A mi madre, símbolo personal de esperanza. Feliz cumpleaños a ella.

 

El día seis de agosto de cada año, a las 08:15 de la mañana, Japón recuerda. Japón se indigna. Japón llora, pero también venera y agradece. Como el mundo entero debe recordar (todos, somos el mundo) el sábado pasado se conmemoraron los 66 años del lanzamiento de las bombas atómicas que destrozaron prácticamente cualquier forma de vida en las ciudades de Hiroshima y Nagasaki en 1945. Es importante escribir sobre el tema, no sólo por la connotación histórica del hecho, sino también por la marcada distancia que diferencia las conmemoraciones y monumentos que los países involucrados (Japón y Estados Unidos), han utilizado para recordar a las victimas, simbolizar la derrota, la desgracia y la estela mortal que ha dejado a su paso la maldita guerra.

 

A pesar de que Estados Unidos tiene en su haber El Monumento Nacional a la Segunda Guerra Mundial (National World War II Memorial) y cuya construcción obedeció para crear (¡al fin!) un espacio conmemorativo a los estadounidenses que sirvieron y murieron durante la segunda guerra; este no es representativo ni en lo emotivo, ni en lo simbólico, debido a su tan reciente y polémica inauguración (abril del 2004).
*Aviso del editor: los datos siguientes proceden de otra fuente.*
(* Let $\mathcal{H}$ be a real separable Hilbert space, let $0<r<1$, let $m,m_0\in\mathcal{H}$, and let $C,C_0$ be self-adjoint, compact, positive operators on $\mathcal{H}$. Then $$\lim_{\gamma\to0^+}\langle m-m_0,[(1-r)(C+\gamma I)+r(C_0+\gamma I)]^{-1}(m-m_0)\rangle=\begin{cases}\|[(1-r)C+rC_0]^{-1/2}(m-m_0)\|^2 & \text{if } m-m_0\in\mathrm{Im}\big([(1-r)C+rC_0]^{1/2}\big),\\ \infty & \text{otherwise}.\end{cases}$$ In particular, $\|[(1-r)C+rC_0]^{-1/2}(m-m_0)\|^2<\infty$ whenever $m-m_0\in\mathrm{Im}(C_0^{1/2})$.
   Context: For a self-adjoint positive compact operator $T$ and $y\in\mathrm{Im}(T^{1/2})$, $T^{-1/2}y$ denotes the unique preimage of $y$ under $T^{1/2}$ lying in $\ker(T)^{\perp}$ (when $\ker T=\{0\}$ this is simply the unique preimage). *)

theory Defs
  imports "HOL-Analysis.Analysis"
begin

definition selfadjoint_op :: "('a::real_inner \<Rightarrow>\<^sub>L 'a) \<Rightarrow> bool" where
  "selfadjoint_op T \<longleftrightarrow> (\<forall>x y. inner (T x) y = inner x (T y))"

definition positive_op :: "('a::real_inner \<Rightarrow>\<^sub>L 'a) \<Rightarrow> bool" where
  "positive_op T \<longleftrightarrow> (\<forall>x. 0 \<le> inner (T x) x)"

definition compact_op :: "('a::real_normed_vector \<Rightarrow>\<^sub>L 'a) \<Rightarrow> bool" where
  "compact_op T \<longleftrightarrow> compact (closure (blinfun_apply T ` ball 0 1))"

definition separable_space :: "'a::metric_space itself \<Rightarrow> bool" where
  "separable_space _ \<longleftrightarrow> (\<exists>D::'a set. countable D \<and> closure D = UNIV)"

definition op_sqrt :: "('a::real_inner \<Rightarrow>\<^sub>L 'a) \<Rightarrow> ('a \<Rightarrow>\<^sub>L 'a)" where
  "op_sqrt T = (THE S. selfadjoint_op S \<and> positive_op S \<and> S o\<^sub>L S = T)"

text \<open>\<open>T^{-1/2} y\<close>: the unique preimage of \<open>y\<close> under \<open>T^{1/2}\<close> lying in \<open>ker(T)^\<perp>\<close>.\<close>
definition op_inv_sqrt_apply :: "('a::real_inner \<Rightarrow>\<^sub>L 'a) \<Rightarrow> 'a \<Rightarrow> 'a" where
  "op_inv_sqrt_apply T y =
     (THE x. op_sqrt T x = y \<and> (\<forall>z. T z = 0 \<longrightarrow> inner x z = 0))"

definition op_inv_apply :: "('a \<Rightarrow>\<^sub>L 'b::real_normed_vector) \<Rightarrow> 'b \<Rightarrow> 'a::real_normed_vector" where
  "op_inv_apply B v = (THE z. B z = v)"

end

theory Submission
  imports Defs "HOL-Computational_Algebra.Formal_Power_Series"
begin

text \<open>Put \<open>T = (1 - r) C + r C0\<close>, \<open>y = m - m0\<close>, \<open>v \<gamma> = (T + \<gamma>)^-1 y\<close> and
  \<open>f \<gamma> = <y, v \<gamma>> = |T^(1/2) (v \<gamma>)|^2 + \<gamma> |v \<gamma>|^2\<close>. For \<open>0 < \<delta> \<le> \<gamma>\<close> one has
  \<open>|T^(1/2) (v \<gamma>) - T^(1/2) (v \<delta>)|^2 \<le> f \<delta> - f \<gamma>\<close>. Hence \<open>f\<close> increases as \<open>\<gamma> \<rightarrow> 0+\<close>, and
  if it stays bounded then \<open>T^(1/2) (v \<gamma>)\<close> converges to some \<open>w\<close> orthogonal to \<open>ker T\<close>
  with \<open>T^(1/2) w = y\<close>, so that \<open>f \<gamma> = <w, T^(1/2) (v \<gamma>)> \<rightarrow> |w|^2\<close>. Conversely, if
  \<open>y = A^(1/2) x\<close> for some \<open>A\<close> with \<open>r A \<le> T\<close> (such as \<open>A = T\<close> or \<open>A = C0\<close>),
  Cauchy-Schwarz gives \<open>f \<le> |x|^2 / r\<close>.

  The positive square root is built from the binomial series of
  \<open>sqrt (1 - t)\<close>, and \<open>(T + \<gamma>)^-1\<close> from Banach's fixed point theorem.\<close>

section \<open>The binomial series of the square root\<close>

text \<open>\<open>sqrt (1 - t) = (\<Sum>n. sqrt_coeff n * t ^ n)\<close> for \<open>|t| \<le> 1\<close>.\<close>
definition sqrt_coeff :: "nat \<Rightarrow> real" where
  "sqrt_coeff n = (-1) ^ n * ((1/2) gchoose n)"

lemma sqrt_coeff_0 [simp]: "sqrt_coeff 0 = 1"
  by (simp add: sqrt_coeff_def)

lemma sqrt_coeff_Suc: "sqrt_coeff (Suc n) = sqrt_coeff n * ((real n - 1/2) / (real n + 1))"
proof -
  have "(1/2::real) * ((1/2) gchoose n)
      = real n * ((1/2) gchoose n) + real (Suc n) * ((1/2) gchoose Suc n)"
    by (rule gbinomial_mult_1)
  then have "((1/2::real) gchoose Suc n) = (1/2 - real n) * ((1/2) gchoose n) / (real n + 1)"
    by (simp add: field_simps)
  then show ?thesis
    unfolding sqrt_coeff_def by (simp only:) (simp add: field_simps)
qed

lemma sqrt_coeff_nonpos: "0 < n \<Longrightarrow> sqrt_coeff n \<le> 0"
proof (induction n)
  case (Suc n)
  show ?case
  proof (cases n)
    case (Suc m)
    then have "sqrt_coeff n \<le> 0" "0 \<le> (real n - 1/2) / (real n + 1)"
      using Suc.IH by auto
    then show ?thesis
      unfolding sqrt_coeff_Suc by (rule mult_nonpos_nonneg)
  qed (simp add: sqrt_coeff_Suc)
qed simp

lemma sum_sqrt_coeff_nonneg: "0 \<le> (\<Sum>k<N. sqrt_coeff k)"
proof (cases N)
  case (Suc m)
  have "(\<Sum>k<N. sqrt_coeff k) = (-1) ^ m * ((1/2::real) - 1 gchoose m)"
    unfolding Suc lessThan_Suc_atMost sqrt_coeff_def
    using gbinomial_sum_lower_neg[of "1/2::real" m] by (simp add: mult.commute)
  also have "\<dots> = (real m - 1/2 gchoose m)"
    by (subst gbinomial_negated_upper) (simp add: field_simps flip: power_mult_distrib)
  also have "\<dots> \<ge> 0"
    unfolding gbinomial_prod_rev by (intro divide_nonneg_pos prod_nonneg) auto
  finally show ?thesis .
qed simp

lemma sum_abs_sqrt_coeff_le: "(\<Sum>k<N. \<bar>sqrt_coeff k\<bar>) \<le> 2"
proof (cases N)
  case (Suc m)
  have "(\<Sum>k<N. \<bar>sqrt_coeff k\<bar>) = 2 * sqrt_coeff 0 - (\<Sum>k<N. sqrt_coeff k)"
    unfolding Suc sum.lessThan_Suc_shift
    by (simp add: sum_negf[symmetric] sqrt_coeff_nonpos)
  then show ?thesis
    using sum_sqrt_coeff_nonneg[of N] by simp
qed simp

lemma summable_abs_sqrt_coeff: "summable (\<lambda>k. \<bar>sqrt_coeff k\<bar>)"
  by (rule summableI_nonneg_bounded[of _ 2]) (auto simp: sum_abs_sqrt_coeff_le)

lemma sqrt_coeff_convolution:
  "(\<Sum>i\<le>k. sqrt_coeff i * sqrt_coeff (k - i)) = (if k = 0 then 1 else if k = 1 then -1 else 0)"
proof -
  have "(\<Sum>i\<le>k. sqrt_coeff i * sqrt_coeff (k - i))
      = (-1) ^ k * (\<Sum>i\<le>k. ((1/2::real) gchoose i) * ((1/2) gchoose (k - i)))"
    unfolding sqrt_coeff_def sum_distrib_left
    by (rule sum.cong) (auto simp: power_add[symmetric])
  also have "(\<Sum>i\<le>k. ((1/2::real) gchoose i) * ((1/2) gchoose (k - i))) = (1 gchoose k)"
    using gbinomial_Vandermonde[of "1/2::real" "1/2" k] by (simp add: atMost_atLeast0)
  also have "(1::real) gchoose k = of_nat (1 choose k)"
    by (simp add: binomial_gbinomial)
  finally show ?thesis
    by (cases k) (auto simp: binomial_eq_0)
qed

section \<open>Series and strong limits in complete spaces\<close>

text \<open>The library's \<open>summable_norm_cancel\<close> is stated for class \<open>banach\<close>, which the sort
  \<open>{real_normed_vector, complete_space}\<close> does not entail.\<close>
lemma summable_if_summable_norm:
  fixes f :: "nat \<Rightarrow> 'a::{real_normed_vector, complete_space}"
  assumes "summable (\<lambda>n. norm (f n))"
  shows "summable f"
proof -
  have dist_le: "dist (\<Sum>i<m. f i) (\<Sum>i<n. f i) \<le> dist (\<Sum>i<m. norm (f i)) (\<Sum>i<n. norm (f i))"
    if "n \<le> m" for m n
  proof -
    have diff: "(\<Sum>i<m. h i) - (\<Sum>i<n. h i) = (\<Sum>i=n..<m. h i)" for h :: "nat \<Rightarrow> 'b::ab_group_add"
      using that by (simp add: sum_diff_nat_ivl flip: atLeast0LessThan)
    have "dist (\<Sum>i<m. f i) (\<Sum>i<n. f i) \<le> (\<Sum>i=n..<m. norm (f i))"
      unfolding dist_norm diff by (rule norm_sum)
    also have "\<dots> = dist (\<Sum>i<m. norm (f i)) (\<Sum>i<n. norm (f i))"
      unfolding dist_real_def diff by (simp add: sum_nonneg)
    finally show ?thesis .
  qed
  have norms_Cauchy: "Cauchy (\<lambda>n. \<Sum>i<n. norm (f i))"
    using assms by (simp add: summable_iff_convergent Cauchy_convergent_iff)
  have "Cauchy (\<lambda>n. \<Sum>i<n. f i)"
  proof (rule metric_CauchyI)
    fix e :: real
    assume "0 < e"
    then obtain M where M: "\<forall>m\<ge>M. \<forall>n\<ge>M. dist (\<Sum>i<m. norm (f i)) (\<Sum>i<n. norm (f i)) < e"
      using metric_CauchyD[OF norms_Cauchy] by blast
    have "dist (\<Sum>i<m. f i) (\<Sum>i<n. f i) < e" if "M \<le> m" "M \<le> n" for m n
      using dist_le[of n m] dist_le[of m n] M that
      by (cases "n \<le> m") (auto simp: dist_commute intro: le_less_trans)
    then show "\<exists>M. \<forall>m\<ge>M. \<forall>n\<ge>M. dist (\<Sum>i<m. f i) (\<Sum>i<n. f i) < e"
      by blast
  qed
  then show ?thesis
    by (simp add: summable_iff_convergent Cauchy_convergent_iff)
qed

text \<open>The finite Cauchy product misses exactly the terms with \<open>i + j \<ge> N\<close> of the square
  \<open>{..<N} \<times> {..<N}\<close>; their total size is controlled by the scalar Cauchy product theorem.\<close>
lemma tendsto_square_sum_minus_Cauchy_sum:
  fixes g :: "nat \<Rightarrow> nat \<Rightarrow> 'a::real_normed_vector"
  assumes a: "summable a" "\<And>i. 0 \<le> a i" and b: "summable b" "\<And>j. 0 \<le> b j"
    and g: "\<And>i j. norm (g i j) \<le> a i * b j"
  shows "(\<lambda>N. (\<Sum>i<N. \<Sum>j<N. g i j) - (\<Sum>k<N. \<Sum>i\<le>k. g i (k - i))) \<longlonglongrightarrow> 0"
proof -
  define Sq Tr where "Sq N = {..<N} \<times> {..<N}" and "Tr N = {(i, j). i + j < (N::nat)}" for N
  have Tr_Sq: "Tr N \<subseteq> Sq N" for N
    by (auto simp: Sq_def Tr_def)
  have defect: "(\<Sum>i<N. \<Sum>j<N. h i j) - (\<Sum>k<N. \<Sum>i\<le>k. h i (k - i))
      = (\<Sum>(i, j)\<in>Sq N - Tr N. h i j)" for h :: "nat \<Rightarrow> nat \<Rightarrow> 'b::ab_group_add" and N
  proof -
    have "(\<Sum>i<N. \<Sum>j<N. h i j) = (\<Sum>(i, j)\<in>Sq N. h i j)"
      by (simp add: Sq_def sum.cartesian_product)
    moreover have "(\<Sum>k<N. \<Sum>i\<le>k. h i (k - i)) = (\<Sum>(i, j)\<in>Tr N. h i j)"
      by (simp add: Tr_def sum.triangle_reindex)
    ultimately show ?thesis
      using Tr_Sq by (simp add: sum_diff Sq_def)
  qed
  have "(\<lambda>N. (\<Sum>i<N. a i) * (\<Sum>j<N. b j)) \<longlonglongrightarrow> (\<Sum>i. a i) * (\<Sum>j. b j)"
    using a b by (intro tendsto_mult summable_LIMSEQ)
  moreover have "(\<lambda>N. \<Sum>k<N. \<Sum>i\<le>k. a i * b (k - i)) \<longlonglongrightarrow> (\<Sum>i. a i) * (\<Sum>j. b j)"
    using Cauchy_product_sums[of a b] a b by (simp add: sums_def)
  ultimately have lim: "(\<lambda>N. (\<Sum>(i, j)\<in>Sq N - Tr N. a i * b j)) \<longlonglongrightarrow> 0"
    using tendsto_diff by (fastforce simp: defect[symmetric] sum_product)
  have bound: "norm (\<Sum>(i, j)\<in>Sq N - Tr N. g i j) \<le> (\<Sum>(i, j)\<in>Sq N - Tr N. a i * b j)" for N
    by (rule order_trans[OF norm_sum sum_mono]) (auto simp: g)
  show ?thesis
    unfolding defect by (rule Lim_null_comparison[OF always_eventually[OF allI[OF bound]] lim])
qed

lemma blinfun_strong_limit:
  fixes A :: "nat \<Rightarrow> 'a::real_normed_vector \<Rightarrow>\<^sub>L 'b::real_normed_vector"
  assumes conv: "\<And>x. convergent (\<lambda>n. A n x)" and bound: "\<And>n. norm (A n) \<le> K"
  obtains L :: "'a \<Rightarrow>\<^sub>L 'b" where "\<And>x. (\<lambda>n. A n x) \<longlonglongrightarrow> L x"
proof -
  define l where "l x = lim (\<lambda>n. A n x)" for x
  have l: "(\<lambda>n. A n x) \<longlonglongrightarrow> l x" for x
    using conv by (simp add: l_def convergent_LIMSEQ_iff)
  have "bounded_linear l"
  proof
    show "l (x + y) = l x + l y" for x y
      using l[of "x + y"] tendsto_add[OF l[of x] l[of y]]
      by (simp add: blinfun.add_right LIMSEQ_unique)
    show "l (r *\<^sub>R x) = r *\<^sub>R l x" for r x
      using l[of "r *\<^sub>R x"] tendsto_scaleR[OF tendsto_const l[of x]]
      by (simp add: blinfun.scaleR_right LIMSEQ_unique)
    have "norm (l x) \<le> norm x * K" for x
    proof (rule LIMSEQ_le_const2[OF tendsto_norm[OF l]])
      show "\<exists>N. \<forall>n\<ge>N. norm (A n x) \<le> norm x * K"
        using order_trans[OF norm_blinfun mult_right_mono[OF bound norm_ge_zero]]
        by (auto simp: mult.commute)
    qed
    then show "\<exists>K. \<forall>x. norm (l x) \<le> norm x * K"
      by blast
  qed
  then show ?thesis
    using l by (intro that[of "Blinfun l"]) (simp add: bounded_linear_Blinfun_apply)
qed

lemma tendsto_strong_limit_apply:
  fixes A :: "nat \<Rightarrow> 'a::real_normed_vector \<Rightarrow>\<^sub>L 'b::real_normed_vector"
    and L :: "'a \<Rightarrow>\<^sub>L 'b"
  assumes lim: "\<And>x. (\<lambda>n. A n x) \<longlonglongrightarrow> L x" and bound: "\<And>n. norm (A n) \<le> K"
    and X: "X \<longlonglongrightarrow> x"
  shows "(\<lambda>n. A n (X n)) \<longlonglongrightarrow> L x"
proof -
  have "(\<lambda>n. A n (X n - x)) \<longlonglongrightarrow> 0"
  proof (rule Lim_null_comparison)
    show "\<forall>\<^sub>F n in sequentially. norm (A n (X n - x)) \<le> K * norm (X n - x)"
      using order_trans[OF norm_blinfun mult_right_mono[OF bound norm_ge_zero]] by simp
    show "(\<lambda>n. K * norm (X n - x)) \<longlonglongrightarrow> 0"
      using X by (intro tendsto_mult_right_zero) (simp add: LIM_zero_iff tendsto_norm_zero)
  qed
  then have "(\<lambda>n. A n (X n - x) + A n x) \<longlonglongrightarrow> 0 + L x"
    by (intro tendsto_add lim)
  then show ?thesis
    by (simp add: blinfun.diff_right)
qed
Por lo que me tomaré la licencia de ejemplificar las diferentes corrientes de expresión arquitectónica que separan a ambas naciones, tomando como referencia la escultura “Alzando la bandera en Iwo Jima” y la “Cúpula Genbaku”, que es el monumento más importante del Museo Memorial de la Paz de Hiroshima. Los anteriores ejemplos me parecen el instrumento perfecto para ilustrar mi personalísima apreciación, so pena de recibir críticas o rechiflas por parte de los puristas de los paralelismos históricos por lo desafortunado de mi analogía.

 

Vayamos por partes.

La ceremonia de conmemoración japonesa de la tragedia nuclear, se realiza anualmente en el Museo Memorial de la Paz de Hiroshima creado en 1954, un sobrio recinto construido por 140 mil ladrillos (el número de víctimas hasta el final de 1945, ni uno más, ni uno menos) que se distingue por características muy peculiares. Los cinco portales de cinco metros cada uno que constituyen  las Puertas de la Paz, (con la inscripción de la palabra paz en diferentes idiomas), y la Cúpula Genbaku; una estilizada escultura que muestra en su cúspide, la figura de una pequeña niña que sostiene entre sus manos una grulla de color dorado. Si ustedes se preguntan por qué eligió Japón, hacer depositaria del simbolismo más devastador de la tragedia más grande de su historia a una niña en vez de alguna tropa militar acaecida en heroica gesta, permítanme contarles la razón.

 

Sadako Sasaki nació el 7 enero de 1943, aunque su verdadero nacimiento ocurrió el 6 de agosto de 1945, cuando a los dos años de edad, sobrevivió milagrosamente a la explosión atómica lanzada en Hiroshima, su ciudad natal. Aunque su suerte no duró mucho tiempo. Cuando cumplió once años, tuvo que ser internada de emergencia al detectársele leucemia degenerativa. La noticia fue un shock para su familia, porque nunca antes había presentado la sintomatología propia de esta enfermedad. Su estancia en el hospital y su febril entusiasmo en la elaboración de grullas de papel, fue lo que determino su inmortalidad, sin importar el breve paso que tuvo en el mundo.

 

 

En la cultura japonesa, las grullas son el símbolo de la longevidad y salud. Y una de sus creencias más antiguas, dicta que si elaboran mil grullas de papel (práctica también conocida como origami), los dioses les devolverán mediante el frágil vuelo de esta ave, la salud perdida y larga vida. Sadako tenía la edad en la que el ser humano aún conserva la impertinente creencia en el poder invisible de los milagros, así que mientras moría lentamente, comenzó a elaborar sus propias grullas. No fue fácil. Hiroshima se encontraba inmersa en una catástrofe sin parangón. La pobreza y escasez aún era insoportable; algo tan simple como conseguir papel resultaba una labor titánica. Las prioridades del gobierno estaban enfocadas en la reconstrucción de sus ciudades, asegurar el alimento y  atención médica de los cientos de enfermos que, de súbito, empezaron a poblar sus camas de hospital (no olvidemos que las víctimas de radiación y mutaciones, se manifestaron entre los 8 y 9 años posteriores al bombardeo).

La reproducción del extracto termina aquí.